*PROBLEM:*
For every record here, output an exact copy.

::::

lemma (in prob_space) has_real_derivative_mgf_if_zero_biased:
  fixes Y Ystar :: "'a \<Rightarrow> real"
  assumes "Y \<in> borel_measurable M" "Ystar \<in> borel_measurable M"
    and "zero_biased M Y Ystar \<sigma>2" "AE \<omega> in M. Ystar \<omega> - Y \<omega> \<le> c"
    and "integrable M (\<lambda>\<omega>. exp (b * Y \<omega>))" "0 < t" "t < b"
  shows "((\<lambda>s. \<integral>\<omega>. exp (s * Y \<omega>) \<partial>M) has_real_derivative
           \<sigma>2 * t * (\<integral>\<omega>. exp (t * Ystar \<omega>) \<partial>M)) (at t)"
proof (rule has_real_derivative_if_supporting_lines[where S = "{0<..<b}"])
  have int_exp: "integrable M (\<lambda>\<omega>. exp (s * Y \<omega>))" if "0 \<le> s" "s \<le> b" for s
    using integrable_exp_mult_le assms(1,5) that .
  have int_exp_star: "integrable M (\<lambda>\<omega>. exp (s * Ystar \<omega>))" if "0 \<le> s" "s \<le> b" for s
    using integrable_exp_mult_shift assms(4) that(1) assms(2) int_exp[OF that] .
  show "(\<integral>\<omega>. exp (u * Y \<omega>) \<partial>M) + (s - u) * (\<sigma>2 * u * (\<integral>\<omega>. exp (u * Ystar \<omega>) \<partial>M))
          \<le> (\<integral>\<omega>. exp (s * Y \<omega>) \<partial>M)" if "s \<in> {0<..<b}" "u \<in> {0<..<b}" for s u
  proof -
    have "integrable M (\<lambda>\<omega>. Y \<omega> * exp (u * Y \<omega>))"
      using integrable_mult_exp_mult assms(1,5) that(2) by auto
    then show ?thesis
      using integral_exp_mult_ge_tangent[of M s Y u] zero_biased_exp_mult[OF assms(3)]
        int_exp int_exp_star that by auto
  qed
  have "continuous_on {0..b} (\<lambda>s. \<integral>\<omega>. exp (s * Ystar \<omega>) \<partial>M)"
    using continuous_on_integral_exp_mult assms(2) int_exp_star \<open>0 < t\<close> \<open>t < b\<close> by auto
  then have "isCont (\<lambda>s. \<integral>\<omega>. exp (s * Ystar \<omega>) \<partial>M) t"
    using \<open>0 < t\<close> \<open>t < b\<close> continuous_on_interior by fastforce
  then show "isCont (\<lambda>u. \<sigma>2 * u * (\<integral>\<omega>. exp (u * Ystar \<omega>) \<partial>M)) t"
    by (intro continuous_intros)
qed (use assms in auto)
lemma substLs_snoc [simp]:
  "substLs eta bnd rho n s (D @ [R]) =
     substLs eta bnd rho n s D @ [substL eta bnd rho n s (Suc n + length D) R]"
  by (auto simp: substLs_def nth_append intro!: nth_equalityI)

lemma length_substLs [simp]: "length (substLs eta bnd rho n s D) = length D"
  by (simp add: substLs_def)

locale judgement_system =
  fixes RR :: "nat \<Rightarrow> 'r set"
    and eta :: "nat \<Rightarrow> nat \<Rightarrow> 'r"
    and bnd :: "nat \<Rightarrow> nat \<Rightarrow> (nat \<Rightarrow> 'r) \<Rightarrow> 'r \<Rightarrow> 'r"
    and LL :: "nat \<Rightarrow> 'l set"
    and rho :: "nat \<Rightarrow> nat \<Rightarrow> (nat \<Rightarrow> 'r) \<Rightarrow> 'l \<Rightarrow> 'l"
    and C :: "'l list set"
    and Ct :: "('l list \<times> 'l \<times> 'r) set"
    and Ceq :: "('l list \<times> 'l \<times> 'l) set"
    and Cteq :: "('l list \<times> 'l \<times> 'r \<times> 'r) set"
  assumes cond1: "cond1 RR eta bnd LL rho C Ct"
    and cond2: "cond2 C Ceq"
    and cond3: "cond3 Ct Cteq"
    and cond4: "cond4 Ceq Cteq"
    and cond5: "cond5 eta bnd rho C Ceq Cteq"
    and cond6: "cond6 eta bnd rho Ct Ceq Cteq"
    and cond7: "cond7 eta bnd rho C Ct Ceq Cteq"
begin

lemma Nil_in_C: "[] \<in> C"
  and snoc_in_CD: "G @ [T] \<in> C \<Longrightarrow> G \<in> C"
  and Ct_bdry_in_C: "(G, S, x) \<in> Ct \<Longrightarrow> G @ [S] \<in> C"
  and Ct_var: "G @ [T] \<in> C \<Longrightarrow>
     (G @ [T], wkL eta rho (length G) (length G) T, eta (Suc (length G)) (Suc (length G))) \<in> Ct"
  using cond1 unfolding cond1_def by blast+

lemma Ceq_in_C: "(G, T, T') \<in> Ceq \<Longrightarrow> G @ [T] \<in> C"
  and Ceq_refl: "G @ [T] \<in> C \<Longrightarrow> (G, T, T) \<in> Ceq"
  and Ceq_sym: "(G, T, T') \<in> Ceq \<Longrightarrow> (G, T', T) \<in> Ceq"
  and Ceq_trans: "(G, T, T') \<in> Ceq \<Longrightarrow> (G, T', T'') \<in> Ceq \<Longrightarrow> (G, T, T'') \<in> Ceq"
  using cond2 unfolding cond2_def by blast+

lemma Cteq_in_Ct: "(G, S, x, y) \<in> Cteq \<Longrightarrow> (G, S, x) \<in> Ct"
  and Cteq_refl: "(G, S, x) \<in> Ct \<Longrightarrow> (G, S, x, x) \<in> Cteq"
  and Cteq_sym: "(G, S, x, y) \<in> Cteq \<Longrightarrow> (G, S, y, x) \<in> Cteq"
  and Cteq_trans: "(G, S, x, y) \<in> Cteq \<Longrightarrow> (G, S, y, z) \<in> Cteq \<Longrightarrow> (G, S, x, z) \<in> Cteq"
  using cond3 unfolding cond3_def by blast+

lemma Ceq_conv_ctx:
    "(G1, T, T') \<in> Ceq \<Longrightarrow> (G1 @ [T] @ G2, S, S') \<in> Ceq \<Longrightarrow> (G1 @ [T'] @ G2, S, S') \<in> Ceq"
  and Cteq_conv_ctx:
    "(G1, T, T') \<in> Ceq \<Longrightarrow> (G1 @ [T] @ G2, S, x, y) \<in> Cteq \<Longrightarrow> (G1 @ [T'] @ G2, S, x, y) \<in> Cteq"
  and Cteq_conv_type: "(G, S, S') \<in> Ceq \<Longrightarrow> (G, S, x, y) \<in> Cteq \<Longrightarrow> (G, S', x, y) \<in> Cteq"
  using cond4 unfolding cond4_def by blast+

::::

*COMPLETED TASK:*
lemma (in prob_space) has_real_derivative_mgf_if_zero_biased:
  fixes Y Ystar :: "'a \<Rightarrow> real"
  assumes "Y \<in> borel_measurable M" "Ystar \<in> borel_measurable M"
    and "zero_biased M Y Ystar \<sigma>2" "AE \<omega> in M. Ystar \<omega> - Y \<omega> \<le> c"
    and "integrable M (\<lambda>\<omega>. exp (b * Y \<omega>))" "0 < t" "t < b"
  shows "((\<lambda>s. \<integral>\<omega>. exp (s * Y \<omega>) \<partial>M) has_real_derivative
           \<sigma>2 * t * (\<integral>\<omega>. exp (t * Ystar \<omega>) \<partial>M)) (at t)"
proof (rule has_real_derivative_if_supporting_lines[where S = "{0<..<b}"])
  have int_exp: "integrable M (\<lambda>\<omega>. exp (s * Y \<omega>))" if "0 \<le> s" "s \<le> b" for s
    using integrable_exp_mult_le assms(1,5) that .
  have int_exp_star: "integrable M (\<lambda>\<omega>. exp (s * Ystar \<omega>))" if "0 \<le> s" "s \<le> b" for s
    using integrable_exp_mult_shift assms(4) that(1) assms(2) int_exp[OF that] .
  show "(\<integral>\<omega>. exp (u * Y \<omega>) \<partial>M) + (s - u) * (\<sigma>2 * u * (\<integral>\<omega>. exp (u * Ystar \<omega>) \<partial>M))
          \<le> (\<integral>\<omega>. exp (s * Y \<omega>) \<partial>M)" if "s \<in> {0<..<b}" "u \<in> {0<..<b}" for s u
  proof -
    have "integrable M (\<lambda>\<omega>. Y \<omega> * exp (u * Y \<omega>))"
      using integrable_mult_exp_mult assms(1,5) that(2) by auto
    then show ?thesis
      using integral_exp_mult_ge_tangent[of M s Y u] zero_biased_exp_mult[OF assms(3)]
        int_exp int_exp_star that by auto
  qed
  have "continuous_on {0..b} (\<lambda>s. \<integral>\<omega>. exp (s * Ystar \<omega>) \<partial>M)"
    using continuous_on_integral_exp_mult assms(2) int_exp_star \<open>0 < t\<close> \<open>t < b\<close> by auto
  then have "isCont (\<lambda>s. \<integral>\<omega>. exp (s * Ystar \<omega>) \<partial>M) t"
    using \<open>0 < t\<close> \<open>t < b\<close> continuous_on_interior by fastforce
  then show "isCont (\<lambda>u. \<sigma>2 * u * (\<integral>\<omega>. exp (u * Ystar \<omega>) \<partial>M)) t"
    by (intro continuous_intros)
qed (use assms in auto)
lemma substLs_snoc [simp]:
  "substLs eta bnd rho n s (D @ [R]) =
     substLs eta bnd rho n s D @ [substL eta bnd rho n s (Suc n + length D) R]"
  by (auto simp: substLs_def nth_append intro!: nth_equalityI)

lemma length_substLs [simp]: "length (substLs eta bnd rho n s D) = length D"
  by (simp add: substLs_def)

locale judgement_system =
  fixes RR :: "nat \<Rightarrow> 'r set"
    and eta :: "nat \<Rightarrow> nat \<Rightarrow> 'r"
    and bnd :: "nat \<Rightarrow> nat \<Rightarrow> (nat \<Rightarrow> 'r) \<Rightarrow> 'r \<Rightarrow> 'r"
    and LL :: "nat \<Rightarrow> 'l set"
    and rho :: "nat \<Rightarrow> nat \<Rightarrow> (nat \<Rightarrow> 'r) \<Rightarrow> 'l \<Rightarrow> 'l"
    and C :: "'l list set"
    and Ct :: "('l list \<times> 'l \<times> 'r) set"
    and Ceq :: "('l list \<times> 'l \<times> 'l) set"
    and Cteq :: "('l list \<times> 'l \<times> 'r \<times> 'r) set"
  assumes cond1: "cond1 RR eta bnd LL rho C Ct"
    and cond2: "cond2 C Ceq"
    and cond3: "cond3 Ct Cteq"
    and cond4: "cond4 Ceq Cteq"
    and cond5: "cond5 eta bnd rho C Ceq Cteq"
    and cond6: "cond6 eta bnd rho Ct Ceq Cteq"
    and cond7: "cond7 eta bnd rho C Ct Ceq Cteq"
begin

lemma Nil_in_C: "[] \<in> C"
  and snoc_in_CD: "G @ [T] \<in> C \<Longrightarrow> G \<in> C"
  and Ct_bdry_in_C: "(G, S, x) \<in> Ct \<Longrightarrow> G @ [S] \<in> C"
  and Ct_var: "G @ [T] \<in> C \<Longrightarrow>
     (G @ [T], wkL eta rho (length G) (length G) T, eta (Suc (length G)) (Suc (length G))) \<in> Ct"
  using cond1 unfolding cond1_def by blast+

lemma Ceq_in_C: "(G, T, T') \<in> Ceq \<Longrightarrow> G @ [T] \<in> C"
  and Ceq_refl: "G @ [T] \<in> C \<Longrightarrow> (G, T, T) \<in> Ceq"
  and Ceq_sym: "(G, T, T') \<in> Ceq \<Longrightarrow> (G, T', T) \<in> Ceq"
  and Ceq_trans: "(G, T, T') \<in> Ceq \<Longrightarrow> (G, T', T'') \<in> Ceq \<Longrightarrow> (G, T, T'') \<in> Ceq"
  using cond2 unfolding cond2_def by blast+

lemma Cteq_in_Ct: "(G, S, x, y) \<in> Cteq \<Longrightarrow> (G, S, x) \<in> Ct"
  and Cteq_refl: "(G, S, x) \<in> Ct \<Longrightarrow> (G, S, x, x) \<in> Cteq"
  and Cteq_sym: "(G, S, x, y) \<in> Cteq \<Longrightarrow> (G, S, y, x) \<in> Cteq"
  and Cteq_trans: "(G, S, x, y) \<in> Cteq \<Longrightarrow> (G, S, y, z) \<in> Cteq \<Longrightarrow> (G, S, x, z) \<in> Cteq"
  using cond3 unfolding cond3_def by blast+

lemma Ceq_conv_ctx:
    "(G1, T, T') \<in> Ceq \<Longrightarrow> (G1 @ [T] @ G2, S, S') \<in> Ceq \<Longrightarrow> (G1 @ [T'] @ G2, S, S') \<in> Ceq"
  and Cteq_conv_ctx:
    "(G1, T, T') \<in> Ceq \<Longrightarrow> (G1 @ [T] @ G2, S, x, y) \<in> Cteq \<Longrightarrow> (G1 @ [T'] @ G2, S, x, y) \<in> Cteq"
  and Cteq_conv_type: "(G, S, S') \<in> Ceq \<Longrightarrow> (G, S, x, y) \<in> Cteq \<Longrightarrow> (G, S', x, y) \<in> Cteq"
  using cond4 unfolding cond4_def by blast+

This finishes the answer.